Why do compilers not recognize this optimization trick?

Answer 1

http://en.wikipedia.org/wiki/Floating_point#Accuracy_problems”rel=“noreferer” Floating Point Math is not Associative. 您将歌剧归入浮动点复制方式,对答案的准确性产生影响。

As a result, most compilers are very conservative about reordering floating point calculations unless they can be sure that the answer will stay the same, or unless you tell them you don t care about numerical accuracy.
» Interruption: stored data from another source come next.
(* Let $X$ be a diffeological space. Consider the functor $\mathcal{DS}/X\to\mathcal{DVS}$ sending a morphism $f:U\to V$ from a plot $p:U\to X$ to a plot $q:V\to X$ (so $q\circ f=p$) to the morphism given by the commutative square with $Tf:TU\to TV$ on top, $f:U\to V$ on the bottom and the tangent bundle projections $\pi_U,\pi_V$ as vertical maps. The colimit of this functor (in $\mathcal{DVS}$) is $\pi_X:T^{dvs}(X)\to X$, and the colimit of the composite functor $\mathcal{DS}/X\to\mathcal{DVS}\to\mathcal{VSD}$ (in $\mathcal{VSD}$) is $\pi_X:T^H(X)\to X$.
   Context: A diffeological space is a set with, for every open subset $U$ of every $\mathbb{R}^n$, a set of maps $U\to X$ called plots, containing constants, closed under precomposition with smooth maps, and satisfying the sheaf condition; smooth maps send plots to plots. $\mathcal{DS}/X$ is the category whose objects are all plots $p:U\to X$ ($U$ open in some $\mathbb{R}^n$) and whose morphisms $p\to q$ are smooth maps $f:U\to V$ with $q\circ f=p$; $TU$ is the usual tangent bundle of the open set $U$. A vector space with diffeology over $X$ is a smooth map $V\to X$ of diffeological spaces with a vector space structure on each fibre; $\mathcal{VSD}$ is the category of these (over all diffeological spaces), with morphisms the commutative squares of smooth maps $(g:V\to W, f:X\to Y)$ with $g$ linear on each fibre. A diffeological vector space over $X$ is such an object for which fibrewise addition $V\times_XV\to V$, scalar multiplication $\mathbb{R}\times V\to V$ and the zero section are smooth; $\mathcal{DVS}$ is the full subcategory of $\mathcal{VSD}$ on these. The internal tangent space $T_x(X)$ is the colimit in real vector spaces, over plots $p:U\to X$ with $U$ a connected open neighbourhood of $0$ and $p(0)=x$ (morphisms: smooth $f$ with $f(0)=0$, $q\circ f=p$), of $p\mapsto T_0(U)$, $f\mapsto f_*$; $TX=\coprod_xT_x(X)$ with projection $\pi_X$. For a plot $f:U\to X$ with $U$ connected, $Tf:TU\to TX$ sends $T_u(U)$ into $T_{f(u)}(X)$ via $T_u(U)\cong T_0(U-u)\to T_{f(u)}(X)$ induced by $w\mapsto f(w+u)$. Hector's diffeology on $TX$ is generated by all such $Tf$ ($T^H(X)$); the dvs diffeology ($T^{dvs}(X)$) is the smallest diffeology containing Hector's making $\pi_X$ a diffeological vector space over $X$. *)

theory Defs
  imports "HOL-Analysis.Analysis"
begin
theorem corollary3:
  fixes P :: "'x::finite \<Rightarrow> real" and d :: "'x \<Rightarrow> 'y::finite \<Rightarrow> real" and z :: real
  assumes "is_dist P"
    and "\<And>x y. d x y \<ge> 0"
    and "0 < z" and "z \<le> 1"
  shows "\<forall>Q1 Q2 t. is_dist Q1 \<longrightarrow> is_dist Q2 \<longrightarrow> 0 \<le> t \<longrightarrow> t \<le> 1 \<longrightarrow>
           Dtilde P d z (\<lambda>y. t * Q1 y + (1 - t) * Q2 y)
             \<le> t * Dtilde P d z Q1 + (1 - t) * Dtilde P d z Q2"
proof (intro allI impI)
  fix Q1 Q2 :: "'y \<Rightarrow> real" and t :: real
  assume Q1: "is_dist Q1" and Q2: "is_dist Q2" and t: "0 \<le> t" "t \<le> 1"
  let ?C = "\<lambda>Q x. acceptance_cost d Q z x"
  have "(\<Sum>x\<in>UNIV. P x * ?C (\<lambda>y. t * Q1 y + (1 - t) * Q2 y) x)
      \<le> (\<Sum>x\<in>UNIV. P x * (t * ?C Q1 x + (1 - t) * ?C Q2 x))"
    using acceptance_cost_convex[OF Q1 Q2 _ \<open>z \<le> 1\<close> t] is_dist_nonneg[OF \<open>is_dist P\<close>] \<open>0 < z\<close>
    by (intro sum_mono mult_left_mono) auto
  also have "\<dots> = t * (\<Sum>x\<in>UNIV. P x * ?C Q1 x) + (1 - t) * (\<Sum>x\<in>UNIV. P x * ?C Q2 x)"
    by (simp add: distrib_left mult.left_commute sum.distrib sum_distrib_left)
  finally have "inverse z * (\<Sum>x\<in>UNIV. P x * ?C (\<lambda>y. t * Q1 y + (1 - t) * Q2 y) x)
      \<le> inverse z * (t * (\<Sum>x\<in>UNIV. P x * ?C Q1 x) + (1 - t) * (\<Sum>x\<in>UNIV. P x * ?C Q2 x))"
    by (rule mult_left_mono) (use \<open>0 < z\<close> in simp)
  then show "Dtilde P d z (\<lambda>y. t * Q1 y + (1 - t) * Q2 y)
      \<le> t * Dtilde P d z Q1 + (1 - t) * Dtilde P d z Q2"
    unfolding Dtilde_eq_sum_acceptance_cost by (simp add: distrib_left mult.left_commute)
qed

end
(* Let $u$ be a bounded nonnegative function satisfying $u(x)=C_0|x|^{-\alpha}(1+o(1))$ as $|x|\to\infty$ for some $\alpha>d$ and $C_0>0$, let $(\xi_q)_{q\in\mathbb{Z}^d}$ be i.i.d. $\mathbb{R}^d$-valued random variables with $\mathbb{P}(\xi_q\in dx)=\exp(-|x|^\theta)\,dx/Z(d,\theta)$ for some $\theta>0$, and let $V_\xi(x)=\sum_{q\in\mathbb{Z}^d}u(x-q-\xi_q)$. Then there exist finite constants $c_1,c_2$ such that for all $r\ge0$, $$\mathbb{E}_\theta\Big[\exp\Big(r\sup_{x\in\Lambda_1}V_\xi(x)\Big)\Big]\le c_1\exp(c_2r^{1+d/\theta}).$$
   Context: $Z(d,\theta)$ is the normalizing constant, $\mathbb{E}_\theta$ the expectation with respect to $(\xi_q)$, and $\Lambda_1=(-1/2,1/2)^d$. *)

theory Defs
  imports "HOL-Probability.Probability"
begin

definition lat :: "int^'d \<Rightarrow> real^'d" where
  "lat q = (\<chi> i. real_of_int (q $ i))"

definition Lambda1 :: "(real^'d) set" where
  "Lambda1 = {x. \<forall>i. -1/2 < x $ i \<and> x $ i < 1/2}"

definition theta_density :: "real \<Rightarrow> real^'d \<Rightarrow> real" where
  "theta_density \<theta> x =
     exp (- (norm x powr \<theta>)) / (LINT y|lborel. exp (- (norm (y::real^'d) powr \<theta>)))"

text \<open>The potential V_xi(x) = sum over q of u(x - q - xi_q), as a value in [0,\<infinity>]
  (the terms are nonnegative).\<close>
definition Vxi :: "(real^'d \<Rightarrow> real) \<Rightarrow> (int^'d \<Rightarrow> real^'d) \<Rightarrow> real^'d \<Rightarrow> ennreal" where
  "Vxi u xi x = (\<integral>\<^sup>+ q. ennreal (u (x - lat q - xi q)) \<partial>count_space UNIV)"
lemma tstar_return_to_centre:
  assumes b: "1 \<le> b" "b \<le> n"
    and cont: "\<And>s. occupied s \<subseteq> tstar_V n - {0} \<Longrightarrow> card (alive s) \<le> card (alive rs) \<Longrightarrow>
                 cop_wins_within (tstar_V n) (tstar_adj n) j 0 s"
  shows "cop_wins_within (tstar_V n) (tstar_adj n) (Suc (Suc j)) (b + n) rs"
proof (rule cop_wins_within_two_moves)
  fix rs1 rs2
  assume rm1: "robber_moves (tstar_V n) (tstar_adj n) (capture b rs) rs1"
    and rm2: "robber_moves (tstar_V n) (tstar_adj n) (capture 0 (capture b rs1)) rs2"
  have "card (alive (capture 0 rs2)) \<le> card (alive rs)"
    using alive_after_round[OF rm2] alive_after_round[OF rm1] finite_alive by (meson card_mono order_trans)
  moreover have "occupied (capture 0 rs2) \<subseteq> tstar_V n - {0}"
    using robber_moves_occupied_subset[OF rm2] by auto
  ultimately show "cop_wins_within (tstar_V n) (tstar_adj n) j 0 (capture 0 rs2)"
    by (rule cont[rotated])
qed (use b in \<open>auto simp: tstar_V_def tstar_adj_def\<close>)

lemma tstar_cop_wins_from_centre:
  assumes "occupied rs \<subseteq> tstar_V n - {0}" "card (alive rs) \<le> Suc k"
  shows "cop_wins_within (tstar_V n) (tstar_adj n) (4 * k + 2) 0 rs"
  using assms
proof (induction k arbitrary: rs)
  case 0
  show ?case
  proof (cases "alive rs = {}")
    case False
    have "cop_wins_within (tstar_V n) (tstar_adj n) (Suc (Suc 0)) 0 rs"
    proof (rule tstar_clear_branch[OF "0.prems"(1) False])
      fix b and s :: "nat option list"
      assume "card (alive s) < card (alive rs)"
      then have "card (alive s) = 0"
        using "0.prems"(2) by simp
      then have "alive s = {}"
        using finite_alive[of s] by simp
      then show "cop_wins_within (tstar_V n) (tstar_adj n) 0 (b + n) s"
        by (simp add: alive_empty_iff)
    qed
    then show ?thesis by simp
  qed (simp add: alive_empty_iff cop_wins_within_all_captured)
next
  case (Suc k)
  show ?case
  proof (cases "alive rs = {}")
    case False
    have "cop_wins_within (tstar_V n) (tstar_adj n) (Suc (Suc (Suc (Suc (4 * k + 2))))) 0 rs"
    proof (rule tstar_clear_branch[OF Suc.prems(1) False])
      fix b and s :: "nat option list"
      assume "1 \<le> b" "b \<le> n" "card (alive s) < card (alive rs)"
      then show "cop_wins_within (tstar_V n) (tstar_adj n) (Suc (Suc (4 * k + 2))) (b + n) s"
        using Suc.IH Suc.prems(2) by (intro tstar_return_to_centre) auto
    qed
    then show ?thesis by (simp add: numeral_eq_Suc)
  qed (simp add: alive_empty_iff cop_wins_within_all_captured)
qed

lemma tstar_capt_by:
  assumes "1 \<le> m"
  shows "capt_by (tstar_V n) (tstar_adj n) m (4 * m - 2)"
  unfolding capt_by_def
proof (intro bexI allI impI)
  fix rs :: "nat list"
  assume rs: "length rs = m \<and> set rs \<subseteq> tstar_V n"
  have "occupied (capture 0 (map Some rs)) \<subseteq> tstar_V n - {0}"
    using rs by auto
  moreover have "card (alive (capture 0 (map Some rs))) \<le> Suc (m - 1)"
    using card_alive_le_length[of "capture 0 (map Some rs)"] rs assms by simp
  moreover have "4 * m - 2 = 4 * (m - 1) + 2"
    using assms by simp
  ultimately show "cop_wins_within (tstar_V n) (tstar_adj n) (4 * m - 2) 0 (capture 0 (map Some rs))"
    using tstar_cop_wins_from_centre by metis
qed (simp add: tstar_V_def)

(* The distance in T_n from c to the nearest vertex of P, for P a nonempty set of tips
   (vertices above n) with c \<notin> P. *)
definition dist_to_tips :: "nat \<Rightarrow> nat \<Rightarrow> nat set \<Rightarrow> nat" where
  "dist_to_tips n c P = (if c = 0 then 2 else if c \<le> n then (if c + n \<in> P then 1 else 3) else 4)"

lemma dist_to_tips_adj:
  assumes "tstar_adj n c c'" "c \<notin> P" "c' \<notin> P"
  shows "dist_to_tips n c P \<le> dist_to_tips n c' P + 1"
  using assms unfolding tstar_adj_def dist_to_tips_def by auto

lemma tstar_capture_time_ge:
  assumes "cop_wins_within (tstar_V n) (tstar_adj n) j c rs" "occupied rs \<subseteq> {n<..2 * n}"
    and "c \<notin> occupied rs" "occupied rs \<noteq> {}"
  shows "4 * (card (occupied rs) - 1) + dist_to_tips n c (occupied rs) \<le> j"
  using assms
proof (induction j arbitrary: c rs)
  case 0
  then show ?case by (auto simp: occupied_def)
next
  case (Suc j)
  let ?P = "occupied rs"
  have "alive rs \<noteq> {}" "occupied rs \<subseteq> tstar_V n"
    using Suc.prems(2,4) by (auto simp: alive_empty_iff occupied_def tstar_V_def)
  then obtain c' where c': "tstar_adj n c c'"
    and wins: "cop_wins_within (tstar_V n) (tstar_adj n) j c' (capture c' rs)"
    using Suc.prems(1) tstar_adj_refl by (blast elim: cop_wins_within_lazy_robbers)
  have fin: "finite ?P"
    using Suc.prems(2) finite_subset by blast
  have IH: "?P - {c'} \<noteq> {} \<Longrightarrow> 4 * (card (?P - {c'}) - 1) + dist_to_tips n c' (?P - {c'}) \<le> j"
    using Suc.IH[OF wins] Suc.prems(2) by auto
  show ?case
  proof (cases "c' \<in> ?P")
    case True
    then have "c' = c + n" "1 \<le> c" "c \<le> n"
      using tstar_adj_to_tip[OF c'] Suc.prems(2,3) by fastforce+
    then have dist_c: "dist_to_tips n c ?P = 1"
      using True by (simp add: dist_to_tips_def)
    show ?thesis
    proof (cases "?P = {c'}")
      case False
      then have rest: "?P - {c'} \<noteq> {}"
        using True by auto
      then have "card (?P - {c'}) \<ge> 1"
        using fin by (simp add: Suc_le_eq card_gt_0_iff)
      moreover have "card (?P - {c'}) = card ?P - 1"
        using True by (simp add: card_Diff_singleton)
      moreover have "dist_to_tips n c' (?P - {c'}) = 4"
        using True Suc.prems(2) by (auto simp: dist_to_tips_def)
      ultimately show ?thesis
        using IH[OF rest] dist_c by linarith
    next
      case True
      then have "card ?P = 1"
        by simp
      then show ?thesis
        using dist_c by simp
    qed
  next
    case False
    then have "?P - {c'} = ?P"
      by simp
    then show ?thesis
      using IH Suc.prems(3,4) dist_to_tips_adj[OF c' Suc.prems(3) False] by simp
  qed
qed
(* Let $(M,g)$ be a semi-regular spacetime. Then its Einstein density tensor of weight $2$, $G\det g$, is smooth: in any local coordinate chart, the functions $G_{ab}\det g$ (and $G^{ab}\det g$), defined at the points where $g$ is nondegenerate, agree there with smooth functions on the whole chart domain.
   Context: A singular semi-Riemannian manifold $(M,g)$ is a smooth manifold $M$ with a smooth symmetric bilinear form $g$ on $TM$, possibly degenerate and with variable signature. For $u\in T_pM$ let $u^\flat(v)=g(u,v)$; $T^\bullet_pM=\{u^\flat:u\in T_pM\}$, with nondegenerate inner product $\langle\langle u^\flat,v^\flat\rangle\rangle:=g(u,v)$; $\mathcal A^\bullet(M)$ is the set of smooth $1$-forms with values in $T^\bullet_pM$ at each $p$. The Koszul form is $\mathcal K(X,Y,Z)=\tfrac12\{Xg(Y,Z)+Yg(Z,X)-Zg(X,Y)-g(X,[Y,Z])+g(Y,[Z,X])+g(Z,[X,Y])\}$, $\nabla^\flat_XY:=\mathcal K(X,Y,\cdot)$. If $\nabla^\flat_XY\in\mathcal A^\bullet(M)$ for all smooth vector fields $X,Y$, then for $\omega\in\mathcal A^\bullet(M)$ define $(\nabla_X\omega)(Y)=X(\omega(Y))-\langle\langle\nabla^\flat_XY,\omega\rangle\rangle$. $(M,g)$ is semi-regular if for all smooth vector fields $X,Y,Z$ one has $\nabla^\flat_XY\in\mathcal A^\bullet(M)$ and $\nabla_Z(\nabla^\flat_XY)\in\mathcal A^\bullet(M)$ (in particular smooth). A semi-regular spacetime is a $4$-dimensional semi-regular singular semi-Riemannian manifold whose metric has signature with $3$ positive and $1$ negative eigenvalue at the points where it is nondegenerate. At points where $g$ is nondegenerate, $G=\mathrm{Ric}-\tfrac12 s g$ is the usual Einstein tensor of $g$ (Ricci tensor $\mathrm{Ric}$, scalar curvature $s$), and $\det g$ is the determinant of the component matrix of $g$ in the chart. *)

theory Defs
  imports "HOL-Analysis.Analysis"
begin

text \<open>Local (chart) rendering: points of the chart domain are in real^4,
  a metric is a matrix field g p $ a $ b, vector fields and covector fields
  are given by their component functions U -> real^4.\<close>

type_synonym pt = "real^4"

definition partial :: "4 \<Rightarrow> (pt \<Rightarrow> real) \<Rightarrow> pt \<Rightarrow> real" where
  "partial i f x = deriv (\<lambda>t. f (x + t *\<^sub>R axis i 1)) 0"

fun Ck_on :: "nat \<Rightarrow> pt set \<Rightarrow> (pt \<Rightarrow> real) \<Rightarrow> bool" where
  "Ck_on 0 U f = continuous_on U f"
| "Ck_on (Suc k) U f =
     ((\<forall>x\<in>U. \<forall>i. (\<lambda>t. f (x + t *\<^sub>R axis i 1)) differentiable (at 0))
      \<and> (\<forall>i. Ck_on k U (partial i f)))"

definition smooth_on :: "pt set \<Rightarrow> (pt \<Rightarrow> real) \<Rightarrow> bool" where
  "smooth_on U f \<longleftrightarrow> (\<forall>k. Ck_on k U f)"

definition smooth_field :: "pt set \<Rightarrow> (pt \<Rightarrow> real^4) \<Rightarrow> bool" where
  "smooth_field U X \<longleftrightarrow> (\<forall>k. smooth_on U (\<lambda>p. X p $ k))"
lemma privtree_prob_add_mset_le:
  assumes S: "splitting_scheme \<Omega> b dm" and l: "lam > 0" and d: "d = lam * ln (real b)"
  shows "privtree_prob b dm (add_mset x D) lam th d T
    \<le> exp ((2 + 1 / (real b - 1)) / lam) * privtree_prob b dm D lam th d T"
proof (rule privtree_prob_le_if_prod_le[OF l])
  show "0 < b" using S unfolding splitting_scheme_def by simp
  fix n assume "full_tree b T"
  then have sub: "T \<subseteq> cand_nodes b" unfolding full_tree_def by blast
  show "(\<Prod>u\<in>{u\<in>T. length u < n}. decision_prob lam th (biased_count dm (add_mset x D) th d) T u)
      \<le> exp ((2 + 1 / (real b - 1)) / lam)
        * (\<Prod>u\<in>{u\<in>T. length u < n}. decision_prob lam th (biased_count dm D th d) T u)"
    using finite_cand_nodes_length_less[OF sub] sub
    by (intro prod_decision_prob_add_mset_le[OF S l d]) auto
qed

lemma privtree_prob_le_add_mset:
  assumes S: "splitting_scheme \<Omega> b dm" and l: "lam > 0"
  shows "privtree_prob b dm D lam th d T \<le> exp (1 / lam) * privtree_prob b dm (add_mset x D) lam th d T"
proof (rule privtree_prob_le_if_prod_le[OF l])
  show "0 < b" using S unfolding splitting_scheme_def by simp
  fix n assume T: "full_tree b T"
  then have "finite {u\<in>T. length u < n}"
    unfolding full_tree_def by (intro finite_cand_nodes_length_less) blast
  then show "(\<Prod>u\<in>{u\<in>T. length u < n}. decision_prob lam th (biased_count dm D th d) T u)
      \<le> exp (1 / lam)
        * (\<Prod>u\<in>{u\<in>T. length u < n}. decision_prob lam th (biased_count dm (add_mset x D) th d) T u)"
    by (intro prod_decision_prob_le_add_mset[OF S l T]) auto
qed
(* Consider the pointer procedure described in the context, started with $P_0=22$ and all other pointers uninitiated, and let $R_0=22$ and, for $j\ge1$, let $R_j$ be the content of $P_0$ immediately after the $j$-th call of $\mathrm{Inc}(0)$ has finished. Then the infinite concatenation $R_0R_1R_2\cdots$ equals $K'$, i.e. the sequence $(K_{n+1})_{n\ge1}$ obtained from the classical Kolakoski sequence $K$ by deleting its first symbol.
   Context: $K=(K_n)_{n\ge1}$ denotes the classical Kolakoski sequence: the unique infinite sequence over $\{1,2\}$ with $K_1=1$ whose sequence of run lengths equals $K$ itself. $K'$ is defined by $K=1K'$. Pointer procedure: there are pointers $P_0,P_1,P_2,\dots$; each is either uninitiated or holds a word from $S=\{1,2,11,22\}$. The recursive procedure $\mathrm{Inc}(k)$ acts as follows. (i) If $P_k$ is uninitiated, set $P_k:=22$. (ii) If $k\ge1$ and $P_k$ holds two symbols ($11$ or $22$), delete one symbol (so $11\mapsto1$, $22\mapsto2$) and stop. (iii) Otherwise (i.e. $k=0$, or $k\ge1$ and $P_k$ holds a single symbol), call $\mathrm{Inc}(k+1)$; afterwards let $\ell$ be the first symbol of the word held by $P_{k+1}$ (which is not modified here), let $a$ be the symbol occurring in the word held by $P_k$ before this step, and set $P_k:=\bar a^{\,\ell}$, the word consisting of $\ell$ copies of the symbol $\bar a$, where $\bar1=2$, $\bar2=1$. Initially $P_0=22$ and all $P_k$, $k\ge1$, are uninitiated; $\mathrm{Inc}(0)$ is then called repeatedly. *)

theory Defs
  imports Main
begin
For example: the -fassociative-math option of gcc which allows gcc to reassociate floating point operations, or even the -ffast-math option which allows even more aggressive tradeoffs of accuracy against speed.

Answer 2

>>Lambdageek 正确地指出,由于协会不持有浮动点编号,<代码>a*a*a*a*a*a*a*a*a*a至<代码>(a*a*a*a*a*a*a*a*a*a*a*a*a*a*a*a>>>的“优化”可改变该数值。因此,C99(除非用户特别允许,通过编造旗或花旗)不予允许。总的说来,假设方案管理员是出于某种原因撰写的,汇编者应当尊重这一点。如果你想要<代码>(a*a*a)*(a*a),则写上。

这可能是难以书写的;为什么在你使用<代码>pow(a,6)时,汇编者只能做什么? 因为这将是wrong的事情。在有良好数学图书馆的平台上,pow(a,6)比a*a*a*a*a*a*a或(a*a*a*a*a*a*a>>。就提供一些数据而言,我对我的Ma Pro进行了小规模试验,测量了在[1,2]之间所有单程浮标数的^6评估中最差的错误:



worst relative error using    powf(a, 6.f): 5.96e-08
worst relative error using (a*a*a)*(a*a*a): 2.94e-07
worst relative error using     a*a*a*a*a*a: 2.58e-07

使用<代码>pow而不是多倍树,减少受4因素约束的错误。编审员不应(而且通常不)作出“优化”来增加错误,除非用户许可(例如通过<代码>-ffast-math)。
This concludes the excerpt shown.